(Requirement) Where the word "eigenvector" occurs in a line of the listing below, copy that line.

· · · ·

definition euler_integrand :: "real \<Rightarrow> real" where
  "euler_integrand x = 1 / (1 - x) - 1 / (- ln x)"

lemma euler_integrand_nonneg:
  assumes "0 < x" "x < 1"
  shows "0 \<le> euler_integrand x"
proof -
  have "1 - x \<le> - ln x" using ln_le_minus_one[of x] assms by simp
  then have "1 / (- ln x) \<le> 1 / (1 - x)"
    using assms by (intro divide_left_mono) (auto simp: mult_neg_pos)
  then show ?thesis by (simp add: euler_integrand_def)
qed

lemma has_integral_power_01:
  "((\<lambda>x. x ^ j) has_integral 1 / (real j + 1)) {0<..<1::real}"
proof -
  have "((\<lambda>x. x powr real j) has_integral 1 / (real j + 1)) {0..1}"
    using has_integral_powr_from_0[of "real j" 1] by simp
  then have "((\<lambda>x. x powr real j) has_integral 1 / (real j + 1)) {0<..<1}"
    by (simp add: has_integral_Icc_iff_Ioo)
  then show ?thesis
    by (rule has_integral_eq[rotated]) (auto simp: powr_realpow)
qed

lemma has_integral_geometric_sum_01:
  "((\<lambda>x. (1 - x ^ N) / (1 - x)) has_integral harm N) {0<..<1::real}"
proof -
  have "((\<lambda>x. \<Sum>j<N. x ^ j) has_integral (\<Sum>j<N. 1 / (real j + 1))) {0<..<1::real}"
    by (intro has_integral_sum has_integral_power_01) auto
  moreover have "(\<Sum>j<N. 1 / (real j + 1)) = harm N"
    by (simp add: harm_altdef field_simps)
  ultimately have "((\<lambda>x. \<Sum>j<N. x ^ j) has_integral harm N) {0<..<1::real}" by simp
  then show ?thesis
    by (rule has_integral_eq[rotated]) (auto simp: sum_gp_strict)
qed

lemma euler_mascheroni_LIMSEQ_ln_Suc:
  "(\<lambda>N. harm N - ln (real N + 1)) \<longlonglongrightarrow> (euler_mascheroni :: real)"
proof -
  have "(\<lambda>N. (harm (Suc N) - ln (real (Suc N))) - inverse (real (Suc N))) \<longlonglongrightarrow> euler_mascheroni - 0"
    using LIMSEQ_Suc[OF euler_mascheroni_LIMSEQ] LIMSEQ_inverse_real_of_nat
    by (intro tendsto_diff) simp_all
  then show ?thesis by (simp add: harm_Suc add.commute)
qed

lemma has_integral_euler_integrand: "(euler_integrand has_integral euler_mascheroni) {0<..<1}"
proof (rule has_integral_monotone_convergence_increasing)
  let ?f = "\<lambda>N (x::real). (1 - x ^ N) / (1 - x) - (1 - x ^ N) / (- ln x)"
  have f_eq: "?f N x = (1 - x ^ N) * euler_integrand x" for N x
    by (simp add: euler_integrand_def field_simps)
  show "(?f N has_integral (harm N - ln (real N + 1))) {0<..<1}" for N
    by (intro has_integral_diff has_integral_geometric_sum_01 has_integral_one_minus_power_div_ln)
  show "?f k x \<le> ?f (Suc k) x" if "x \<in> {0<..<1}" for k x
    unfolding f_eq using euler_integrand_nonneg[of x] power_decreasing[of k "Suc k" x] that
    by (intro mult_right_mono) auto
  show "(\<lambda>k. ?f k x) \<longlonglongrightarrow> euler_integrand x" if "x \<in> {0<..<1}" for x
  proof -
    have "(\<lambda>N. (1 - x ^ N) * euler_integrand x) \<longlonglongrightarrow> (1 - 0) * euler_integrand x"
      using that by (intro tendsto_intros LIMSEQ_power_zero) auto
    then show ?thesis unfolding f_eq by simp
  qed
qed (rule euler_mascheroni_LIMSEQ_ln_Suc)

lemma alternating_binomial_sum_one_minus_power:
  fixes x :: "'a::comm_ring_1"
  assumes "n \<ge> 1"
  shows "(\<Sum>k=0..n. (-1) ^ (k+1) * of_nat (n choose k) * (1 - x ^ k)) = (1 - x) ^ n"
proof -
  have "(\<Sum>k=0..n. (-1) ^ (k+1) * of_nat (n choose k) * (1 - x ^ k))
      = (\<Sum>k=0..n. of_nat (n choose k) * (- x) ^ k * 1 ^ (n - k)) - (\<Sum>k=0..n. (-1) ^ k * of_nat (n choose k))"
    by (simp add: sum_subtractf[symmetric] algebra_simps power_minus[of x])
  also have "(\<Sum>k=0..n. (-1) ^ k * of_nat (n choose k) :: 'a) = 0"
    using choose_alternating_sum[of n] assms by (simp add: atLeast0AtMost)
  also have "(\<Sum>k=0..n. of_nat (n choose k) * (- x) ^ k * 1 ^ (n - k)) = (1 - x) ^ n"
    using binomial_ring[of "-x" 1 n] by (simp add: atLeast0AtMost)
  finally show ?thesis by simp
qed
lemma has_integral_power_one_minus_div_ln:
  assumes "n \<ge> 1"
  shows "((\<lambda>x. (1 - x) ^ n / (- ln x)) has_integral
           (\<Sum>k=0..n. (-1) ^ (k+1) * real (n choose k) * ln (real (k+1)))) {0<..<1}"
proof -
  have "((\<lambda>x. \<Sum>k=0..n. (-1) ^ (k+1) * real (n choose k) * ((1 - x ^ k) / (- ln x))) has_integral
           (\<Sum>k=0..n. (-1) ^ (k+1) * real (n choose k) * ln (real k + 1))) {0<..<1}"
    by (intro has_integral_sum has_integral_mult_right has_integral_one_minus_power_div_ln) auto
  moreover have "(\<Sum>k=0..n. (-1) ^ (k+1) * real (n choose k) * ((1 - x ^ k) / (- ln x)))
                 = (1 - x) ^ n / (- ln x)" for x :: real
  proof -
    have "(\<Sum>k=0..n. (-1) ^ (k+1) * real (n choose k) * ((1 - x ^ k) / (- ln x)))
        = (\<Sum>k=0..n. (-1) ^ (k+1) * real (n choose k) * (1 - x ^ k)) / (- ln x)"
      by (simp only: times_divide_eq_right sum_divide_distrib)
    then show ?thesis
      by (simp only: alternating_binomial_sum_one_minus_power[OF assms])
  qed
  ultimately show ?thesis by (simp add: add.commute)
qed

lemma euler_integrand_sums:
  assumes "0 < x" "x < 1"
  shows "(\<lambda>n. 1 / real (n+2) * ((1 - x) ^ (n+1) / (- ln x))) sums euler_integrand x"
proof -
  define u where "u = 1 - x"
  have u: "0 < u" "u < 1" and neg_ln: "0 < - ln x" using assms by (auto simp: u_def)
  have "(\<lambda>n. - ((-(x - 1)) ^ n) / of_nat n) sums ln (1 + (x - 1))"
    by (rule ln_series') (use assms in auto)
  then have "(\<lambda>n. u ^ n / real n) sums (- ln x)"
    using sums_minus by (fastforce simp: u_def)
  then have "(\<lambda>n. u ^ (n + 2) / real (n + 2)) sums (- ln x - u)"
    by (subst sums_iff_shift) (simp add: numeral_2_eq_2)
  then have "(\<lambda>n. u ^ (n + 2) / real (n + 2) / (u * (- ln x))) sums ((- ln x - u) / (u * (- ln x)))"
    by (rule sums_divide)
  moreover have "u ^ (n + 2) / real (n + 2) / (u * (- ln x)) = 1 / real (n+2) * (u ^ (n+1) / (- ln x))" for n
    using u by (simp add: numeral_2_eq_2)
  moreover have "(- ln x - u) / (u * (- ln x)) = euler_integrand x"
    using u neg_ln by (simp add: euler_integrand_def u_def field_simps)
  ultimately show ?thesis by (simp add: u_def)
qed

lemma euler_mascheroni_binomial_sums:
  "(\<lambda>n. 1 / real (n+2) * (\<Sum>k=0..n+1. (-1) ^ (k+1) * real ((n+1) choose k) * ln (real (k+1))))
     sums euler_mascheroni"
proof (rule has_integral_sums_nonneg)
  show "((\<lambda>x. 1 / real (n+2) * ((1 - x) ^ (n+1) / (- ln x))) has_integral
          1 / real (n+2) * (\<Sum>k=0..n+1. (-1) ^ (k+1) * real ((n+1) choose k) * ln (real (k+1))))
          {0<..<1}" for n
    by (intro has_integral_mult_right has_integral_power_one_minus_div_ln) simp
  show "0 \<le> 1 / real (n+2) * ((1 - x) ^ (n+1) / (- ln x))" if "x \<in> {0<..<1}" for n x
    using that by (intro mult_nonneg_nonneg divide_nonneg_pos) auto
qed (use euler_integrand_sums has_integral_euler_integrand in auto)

· · · ·

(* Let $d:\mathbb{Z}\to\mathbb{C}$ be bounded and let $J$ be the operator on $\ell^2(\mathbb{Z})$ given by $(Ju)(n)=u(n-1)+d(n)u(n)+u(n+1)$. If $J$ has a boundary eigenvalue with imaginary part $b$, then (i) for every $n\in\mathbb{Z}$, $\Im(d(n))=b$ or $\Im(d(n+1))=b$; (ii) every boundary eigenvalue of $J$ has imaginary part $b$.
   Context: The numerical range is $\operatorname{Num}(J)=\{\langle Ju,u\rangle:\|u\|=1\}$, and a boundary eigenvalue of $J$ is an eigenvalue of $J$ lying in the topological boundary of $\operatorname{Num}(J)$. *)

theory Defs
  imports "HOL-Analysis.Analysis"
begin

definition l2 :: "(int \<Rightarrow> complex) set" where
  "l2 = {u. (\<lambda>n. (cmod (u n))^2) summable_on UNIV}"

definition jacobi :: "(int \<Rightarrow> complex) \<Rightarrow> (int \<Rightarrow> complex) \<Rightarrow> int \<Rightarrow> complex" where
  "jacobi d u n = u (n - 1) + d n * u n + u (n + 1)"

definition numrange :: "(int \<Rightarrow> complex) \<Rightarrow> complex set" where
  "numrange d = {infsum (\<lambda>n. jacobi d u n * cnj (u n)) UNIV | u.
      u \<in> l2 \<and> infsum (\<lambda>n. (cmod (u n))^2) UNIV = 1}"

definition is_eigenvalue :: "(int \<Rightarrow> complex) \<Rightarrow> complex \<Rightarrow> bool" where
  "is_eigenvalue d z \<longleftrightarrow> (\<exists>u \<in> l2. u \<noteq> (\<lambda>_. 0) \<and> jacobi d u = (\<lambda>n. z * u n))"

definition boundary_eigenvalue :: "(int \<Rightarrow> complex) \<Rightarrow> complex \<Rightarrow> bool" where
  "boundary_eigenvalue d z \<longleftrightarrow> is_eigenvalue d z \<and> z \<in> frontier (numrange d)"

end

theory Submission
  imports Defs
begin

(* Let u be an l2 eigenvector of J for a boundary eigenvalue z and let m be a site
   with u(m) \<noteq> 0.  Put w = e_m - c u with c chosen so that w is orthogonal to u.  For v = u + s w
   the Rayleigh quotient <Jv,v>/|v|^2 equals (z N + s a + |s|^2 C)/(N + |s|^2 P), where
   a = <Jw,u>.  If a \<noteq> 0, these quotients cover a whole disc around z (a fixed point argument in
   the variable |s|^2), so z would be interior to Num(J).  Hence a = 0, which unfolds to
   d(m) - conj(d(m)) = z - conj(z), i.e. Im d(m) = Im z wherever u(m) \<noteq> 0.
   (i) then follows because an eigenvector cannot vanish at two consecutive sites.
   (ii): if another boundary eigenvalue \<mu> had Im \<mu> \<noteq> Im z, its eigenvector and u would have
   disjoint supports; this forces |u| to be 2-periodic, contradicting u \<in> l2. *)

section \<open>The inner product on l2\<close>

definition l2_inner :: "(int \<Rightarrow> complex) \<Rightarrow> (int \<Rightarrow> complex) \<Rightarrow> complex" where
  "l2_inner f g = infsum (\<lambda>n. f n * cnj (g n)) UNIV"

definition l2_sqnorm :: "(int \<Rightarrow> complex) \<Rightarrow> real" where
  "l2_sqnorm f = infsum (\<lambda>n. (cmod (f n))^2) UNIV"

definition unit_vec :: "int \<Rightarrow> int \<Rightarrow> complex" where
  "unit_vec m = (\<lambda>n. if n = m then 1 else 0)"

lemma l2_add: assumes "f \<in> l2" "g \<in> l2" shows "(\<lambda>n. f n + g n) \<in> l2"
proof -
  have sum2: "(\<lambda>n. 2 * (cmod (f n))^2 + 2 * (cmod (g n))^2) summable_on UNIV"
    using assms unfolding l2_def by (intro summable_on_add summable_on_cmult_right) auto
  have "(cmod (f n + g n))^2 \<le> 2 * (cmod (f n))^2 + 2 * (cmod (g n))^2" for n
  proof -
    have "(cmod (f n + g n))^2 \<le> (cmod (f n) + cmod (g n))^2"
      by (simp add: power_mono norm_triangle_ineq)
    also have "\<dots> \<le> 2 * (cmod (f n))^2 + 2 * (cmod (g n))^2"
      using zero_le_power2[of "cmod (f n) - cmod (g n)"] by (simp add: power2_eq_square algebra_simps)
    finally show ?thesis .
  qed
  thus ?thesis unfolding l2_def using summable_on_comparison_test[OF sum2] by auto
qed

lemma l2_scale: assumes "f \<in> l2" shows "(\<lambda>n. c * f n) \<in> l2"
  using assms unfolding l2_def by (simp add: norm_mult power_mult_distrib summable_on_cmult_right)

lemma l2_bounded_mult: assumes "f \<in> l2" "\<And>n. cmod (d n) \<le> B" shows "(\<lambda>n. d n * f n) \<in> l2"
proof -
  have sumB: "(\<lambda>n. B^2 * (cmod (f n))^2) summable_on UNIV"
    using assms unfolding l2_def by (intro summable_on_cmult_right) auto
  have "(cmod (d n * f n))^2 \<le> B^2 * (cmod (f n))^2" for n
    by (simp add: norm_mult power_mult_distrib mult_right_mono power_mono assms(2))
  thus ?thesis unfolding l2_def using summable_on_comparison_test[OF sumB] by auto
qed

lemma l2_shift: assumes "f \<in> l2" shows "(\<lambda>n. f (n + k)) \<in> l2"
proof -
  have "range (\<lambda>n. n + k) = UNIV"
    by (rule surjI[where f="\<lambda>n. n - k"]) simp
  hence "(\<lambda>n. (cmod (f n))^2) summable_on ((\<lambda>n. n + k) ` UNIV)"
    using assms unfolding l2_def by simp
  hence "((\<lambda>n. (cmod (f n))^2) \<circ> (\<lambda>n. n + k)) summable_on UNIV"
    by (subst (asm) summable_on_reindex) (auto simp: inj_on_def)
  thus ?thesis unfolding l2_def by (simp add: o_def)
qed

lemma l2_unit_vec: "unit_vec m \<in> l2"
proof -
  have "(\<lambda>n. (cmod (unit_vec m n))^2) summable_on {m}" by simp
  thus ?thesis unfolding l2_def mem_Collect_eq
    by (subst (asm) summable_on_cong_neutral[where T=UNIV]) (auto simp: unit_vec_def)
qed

· · · ·

(Exercise solution)
(* Let u be an l2 eigenvector of J for a boundary eigenvalue z and let m be a site
   (i) then follows because an eigenvector cannot vanish at two consecutive sites.
   (ii): if another boundary eigenvalue \<mu> had Im \<mu> \<noteq> Im z, its eigenvector and u would have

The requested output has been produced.